_THE PROBLEM_. Set down the data again in full, keeping every line exactly as it is.

★ ★ ★ ★ ★

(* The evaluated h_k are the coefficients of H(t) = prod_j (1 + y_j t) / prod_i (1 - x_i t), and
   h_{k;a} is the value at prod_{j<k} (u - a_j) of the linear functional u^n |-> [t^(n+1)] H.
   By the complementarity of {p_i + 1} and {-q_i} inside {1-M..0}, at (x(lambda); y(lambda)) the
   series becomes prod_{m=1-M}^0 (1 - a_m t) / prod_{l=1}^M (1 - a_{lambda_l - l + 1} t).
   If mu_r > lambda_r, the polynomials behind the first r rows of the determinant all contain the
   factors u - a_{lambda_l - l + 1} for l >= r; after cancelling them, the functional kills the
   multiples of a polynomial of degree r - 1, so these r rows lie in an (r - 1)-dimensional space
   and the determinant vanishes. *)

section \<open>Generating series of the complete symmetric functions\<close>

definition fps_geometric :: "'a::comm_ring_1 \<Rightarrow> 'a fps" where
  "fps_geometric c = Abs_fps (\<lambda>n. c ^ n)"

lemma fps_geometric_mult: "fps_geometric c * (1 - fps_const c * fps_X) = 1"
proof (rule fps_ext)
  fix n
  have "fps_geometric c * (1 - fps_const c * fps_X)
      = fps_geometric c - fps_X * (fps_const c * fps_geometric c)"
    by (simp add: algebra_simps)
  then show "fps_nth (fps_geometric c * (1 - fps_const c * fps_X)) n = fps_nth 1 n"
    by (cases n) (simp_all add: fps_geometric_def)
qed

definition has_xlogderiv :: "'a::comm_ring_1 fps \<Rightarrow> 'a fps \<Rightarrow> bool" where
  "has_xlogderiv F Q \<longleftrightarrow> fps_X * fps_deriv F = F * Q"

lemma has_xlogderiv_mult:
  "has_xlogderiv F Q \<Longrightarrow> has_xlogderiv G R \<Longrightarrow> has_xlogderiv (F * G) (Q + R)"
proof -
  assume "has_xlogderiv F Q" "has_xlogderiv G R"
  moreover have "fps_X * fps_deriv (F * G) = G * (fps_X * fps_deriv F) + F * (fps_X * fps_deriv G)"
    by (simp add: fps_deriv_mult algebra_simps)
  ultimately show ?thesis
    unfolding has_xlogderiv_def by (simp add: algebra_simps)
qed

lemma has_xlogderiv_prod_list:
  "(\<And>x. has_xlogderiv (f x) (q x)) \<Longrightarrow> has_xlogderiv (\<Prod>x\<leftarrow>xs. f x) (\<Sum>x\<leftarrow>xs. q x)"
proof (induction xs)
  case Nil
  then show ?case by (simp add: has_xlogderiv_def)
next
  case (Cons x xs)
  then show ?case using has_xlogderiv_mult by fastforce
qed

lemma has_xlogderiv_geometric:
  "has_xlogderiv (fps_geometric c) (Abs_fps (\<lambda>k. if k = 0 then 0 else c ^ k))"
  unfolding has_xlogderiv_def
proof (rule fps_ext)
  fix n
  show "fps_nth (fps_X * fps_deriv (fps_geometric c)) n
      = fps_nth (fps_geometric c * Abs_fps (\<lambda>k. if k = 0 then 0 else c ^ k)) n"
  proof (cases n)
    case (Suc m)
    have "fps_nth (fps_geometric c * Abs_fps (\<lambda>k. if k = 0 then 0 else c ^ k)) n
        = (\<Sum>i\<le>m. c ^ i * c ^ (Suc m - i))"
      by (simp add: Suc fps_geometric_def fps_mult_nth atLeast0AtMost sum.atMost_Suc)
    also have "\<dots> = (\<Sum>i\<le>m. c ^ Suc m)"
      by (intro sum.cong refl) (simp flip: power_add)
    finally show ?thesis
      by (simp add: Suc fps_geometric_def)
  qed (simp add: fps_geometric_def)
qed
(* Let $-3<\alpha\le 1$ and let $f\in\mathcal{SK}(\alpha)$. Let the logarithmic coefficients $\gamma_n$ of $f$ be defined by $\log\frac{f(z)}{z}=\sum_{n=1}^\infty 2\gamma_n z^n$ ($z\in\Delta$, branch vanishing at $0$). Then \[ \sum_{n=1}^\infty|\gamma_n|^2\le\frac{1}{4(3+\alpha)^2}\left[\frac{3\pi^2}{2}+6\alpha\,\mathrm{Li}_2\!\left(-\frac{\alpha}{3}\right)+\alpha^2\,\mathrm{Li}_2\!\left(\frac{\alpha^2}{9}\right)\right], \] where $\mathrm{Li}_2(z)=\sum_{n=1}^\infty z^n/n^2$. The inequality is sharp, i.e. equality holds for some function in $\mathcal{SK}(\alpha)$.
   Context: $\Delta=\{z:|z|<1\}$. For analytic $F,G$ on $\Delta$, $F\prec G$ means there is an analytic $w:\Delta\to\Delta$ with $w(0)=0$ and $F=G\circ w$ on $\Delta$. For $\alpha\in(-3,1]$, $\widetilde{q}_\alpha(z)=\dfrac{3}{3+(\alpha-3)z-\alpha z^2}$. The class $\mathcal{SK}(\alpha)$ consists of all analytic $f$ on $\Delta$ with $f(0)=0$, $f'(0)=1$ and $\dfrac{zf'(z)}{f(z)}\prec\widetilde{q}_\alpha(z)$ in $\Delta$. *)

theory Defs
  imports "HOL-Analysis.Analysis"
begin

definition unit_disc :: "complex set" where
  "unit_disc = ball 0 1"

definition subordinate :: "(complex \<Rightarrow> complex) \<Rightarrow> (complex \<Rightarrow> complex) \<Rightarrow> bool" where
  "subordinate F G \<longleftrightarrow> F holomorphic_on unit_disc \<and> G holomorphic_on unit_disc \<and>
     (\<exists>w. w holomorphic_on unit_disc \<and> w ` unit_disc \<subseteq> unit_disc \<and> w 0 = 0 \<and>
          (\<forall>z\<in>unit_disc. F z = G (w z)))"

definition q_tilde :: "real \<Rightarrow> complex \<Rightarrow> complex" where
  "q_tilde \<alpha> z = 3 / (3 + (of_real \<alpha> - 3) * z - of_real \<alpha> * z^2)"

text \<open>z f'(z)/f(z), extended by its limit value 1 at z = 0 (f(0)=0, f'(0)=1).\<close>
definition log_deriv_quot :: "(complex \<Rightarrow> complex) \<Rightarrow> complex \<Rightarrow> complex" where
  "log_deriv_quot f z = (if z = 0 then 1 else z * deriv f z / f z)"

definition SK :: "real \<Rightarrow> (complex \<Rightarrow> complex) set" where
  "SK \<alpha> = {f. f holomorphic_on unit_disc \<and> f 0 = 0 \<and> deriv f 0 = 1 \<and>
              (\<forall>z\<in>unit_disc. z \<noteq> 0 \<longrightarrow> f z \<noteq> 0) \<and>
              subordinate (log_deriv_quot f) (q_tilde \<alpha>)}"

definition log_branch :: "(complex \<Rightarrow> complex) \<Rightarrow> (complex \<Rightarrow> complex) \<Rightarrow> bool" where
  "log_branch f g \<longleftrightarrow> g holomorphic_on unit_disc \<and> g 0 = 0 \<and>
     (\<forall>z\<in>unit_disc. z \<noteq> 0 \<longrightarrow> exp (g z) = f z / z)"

★ ★ ★ ★ ★

_REPLY TO THE EXERCISE_.
(* The evaluated h_k are the coefficients of H(t) = prod_j (1 + y_j t) / prod_i (1 - x_i t), and
   h_{k;a} is the value at prod_{j<k} (u - a_j) of the linear functional u^n |-> [t^(n+1)] H.
   By the complementarity of {p_i + 1} and {-q_i} inside {1-M..0}, at (x(lambda); y(lambda)) the
   series becomes prod_{m=1-M}^0 (1 - a_m t) / prod_{l=1}^M (1 - a_{lambda_l - l + 1} t).
   If mu_r > lambda_r, the polynomials behind the first r rows of the determinant all contain the
   factors u - a_{lambda_l - l + 1} for l >= r; after cancelling them, the functional kills the
   multiples of a polynomial of degree r - 1, so these r rows lie in an (r - 1)-dimensional space
   and the determinant vanishes. *)

section \<open>Generating series of the complete symmetric functions\<close>

definition fps_geometric :: "'a::comm_ring_1 \<Rightarrow> 'a fps" where
  "fps_geometric c = Abs_fps (\<lambda>n. c ^ n)"

lemma fps_geometric_mult: "fps_geometric c * (1 - fps_const c * fps_X) = 1"
proof (rule fps_ext)
  fix n
  have "fps_geometric c * (1 - fps_const c * fps_X)
      = fps_geometric c - fps_X * (fps_const c * fps_geometric c)"
    by (simp add: algebra_simps)
  then show "fps_nth (fps_geometric c * (1 - fps_const c * fps_X)) n = fps_nth 1 n"
    by (cases n) (simp_all add: fps_geometric_def)
qed

definition has_xlogderiv :: "'a::comm_ring_1 fps \<Rightarrow> 'a fps \<Rightarrow> bool" where
  "has_xlogderiv F Q \<longleftrightarrow> fps_X * fps_deriv F = F * Q"

lemma has_xlogderiv_mult:
  "has_xlogderiv F Q \<Longrightarrow> has_xlogderiv G R \<Longrightarrow> has_xlogderiv (F * G) (Q + R)"
proof -
  assume "has_xlogderiv F Q" "has_xlogderiv G R"
  moreover have "fps_X * fps_deriv (F * G) = G * (fps_X * fps_deriv F) + F * (fps_X * fps_deriv G)"
    by (simp add: fps_deriv_mult algebra_simps)
  ultimately show ?thesis
    unfolding has_xlogderiv_def by (simp add: algebra_simps)
qed

lemma has_xlogderiv_prod_list:
  "(\<And>x. has_xlogderiv (f x) (q x)) \<Longrightarrow> has_xlogderiv (\<Prod>x\<leftarrow>xs. f x) (\<Sum>x\<leftarrow>xs. q x)"
proof (induction xs)
  case Nil
  then show ?case by (simp add: has_xlogderiv_def)
next
  case (Cons x xs)
  then show ?case using has_xlogderiv_mult by fastforce
qed

lemma has_xlogderiv_geometric:
  "has_xlogderiv (fps_geometric c) (Abs_fps (\<lambda>k. if k = 0 then 0 else c ^ k))"
  unfolding has_xlogderiv_def
proof (rule fps_ext)
  fix n
  show "fps_nth (fps_X * fps_deriv (fps_geometric c)) n
      = fps_nth (fps_geometric c * Abs_fps (\<lambda>k. if k = 0 then 0 else c ^ k)) n"
  proof (cases n)
    case (Suc m)
    have "fps_nth (fps_geometric c * Abs_fps (\<lambda>k. if k = 0 then 0 else c ^ k)) n
        = (\<Sum>i\<le>m. c ^ i * c ^ (Suc m - i))"
      by (simp add: Suc fps_geometric_def fps_mult_nth atLeast0AtMost sum.atMost_Suc)
    also have "\<dots> = (\<Sum>i\<le>m. c ^ Suc m)"
      by (intro sum.cong refl) (simp flip: power_add)
    finally show ?thesis
      by (simp add: Suc fps_geometric_def)
  qed (simp add: fps_geometric_def)
qed
(* Let $-3<\alpha\le 1$ and let $f\in\mathcal{SK}(\alpha)$. Let the logarithmic coefficients $\gamma_n$ of $f$ be defined by $\log\frac{f(z)}{z}=\sum_{n=1}^\infty 2\gamma_n z^n$ ($z\in\Delta$, branch vanishing at $0$). Then \[ \sum_{n=1}^\infty|\gamma_n|^2\le\frac{1}{4(3+\alpha)^2}\left[\frac{3\pi^2}{2}+6\alpha\,\mathrm{Li}_2\!\left(-\frac{\alpha}{3}\right)+\alpha^2\,\mathrm{Li}_2\!\left(\frac{\alpha^2}{9}\right)\right], \] where $\mathrm{Li}_2(z)=\sum_{n=1}^\infty z^n/n^2$. The inequality is sharp, i.e. equality holds for some function in $\mathcal{SK}(\alpha)$.
   Context: $\Delta=\{z:|z|<1\}$. For analytic $F,G$ on $\Delta$, $F\prec G$ means there is an analytic $w:\Delta\to\Delta$ with $w(0)=0$ and $F=G\circ w$ on $\Delta$. For $\alpha\in(-3,1]$, $\widetilde{q}_\alpha(z)=\dfrac{3}{3+(\alpha-3)z-\alpha z^2}$. The class $\mathcal{SK}(\alpha)$ consists of all analytic $f$ on $\Delta$ with $f(0)=0$, $f'(0)=1$ and $\dfrac{zf'(z)}{f(z)}\prec\widetilde{q}_\alpha(z)$ in $\Delta$. *)

theory Defs
  imports "HOL-Analysis.Analysis"
begin

definition unit_disc :: "complex set" where
  "unit_disc = ball 0 1"

definition subordinate :: "(complex \<Rightarrow> complex) \<Rightarrow> (complex \<Rightarrow> complex) \<Rightarrow> bool" where
  "subordinate F G \<longleftrightarrow> F holomorphic_on unit_disc \<and> G holomorphic_on unit_disc \<and>
     (\<exists>w. w holomorphic_on unit_disc \<and> w ` unit_disc \<subseteq> unit_disc \<and> w 0 = 0 \<and>
          (\<forall>z\<in>unit_disc. F z = G (w z)))"

definition q_tilde :: "real \<Rightarrow> complex \<Rightarrow> complex" where
  "q_tilde \<alpha> z = 3 / (3 + (of_real \<alpha> - 3) * z - of_real \<alpha> * z^2)"

text \<open>z f'(z)/f(z), extended by its limit value 1 at z = 0 (f(0)=0, f'(0)=1).\<close>
definition log_deriv_quot :: "(complex \<Rightarrow> complex) \<Rightarrow> complex \<Rightarrow> complex" where
  "log_deriv_quot f z = (if z = 0 then 1 else z * deriv f z / f z)"

definition SK :: "real \<Rightarrow> (complex \<Rightarrow> complex) set" where
  "SK \<alpha> = {f. f holomorphic_on unit_disc \<and> f 0 = 0 \<and> deriv f 0 = 1 \<and>
              (\<forall>z\<in>unit_disc. z \<noteq> 0 \<longrightarrow> f z \<noteq> 0) \<and>
              subordinate (log_deriv_quot f) (q_tilde \<alpha>)}"

definition log_branch :: "(complex \<Rightarrow> complex) \<Rightarrow> (complex \<Rightarrow> complex) \<Rightarrow> bool" where
  "log_branch f g \<longleftrightarrow> g holomorphic_on unit_disc \<and> g 0 = 0 \<and>
     (\<forall>z\<in>unit_disc. z \<noteq> 0 \<longrightarrow> exp (g z) = f z / z)"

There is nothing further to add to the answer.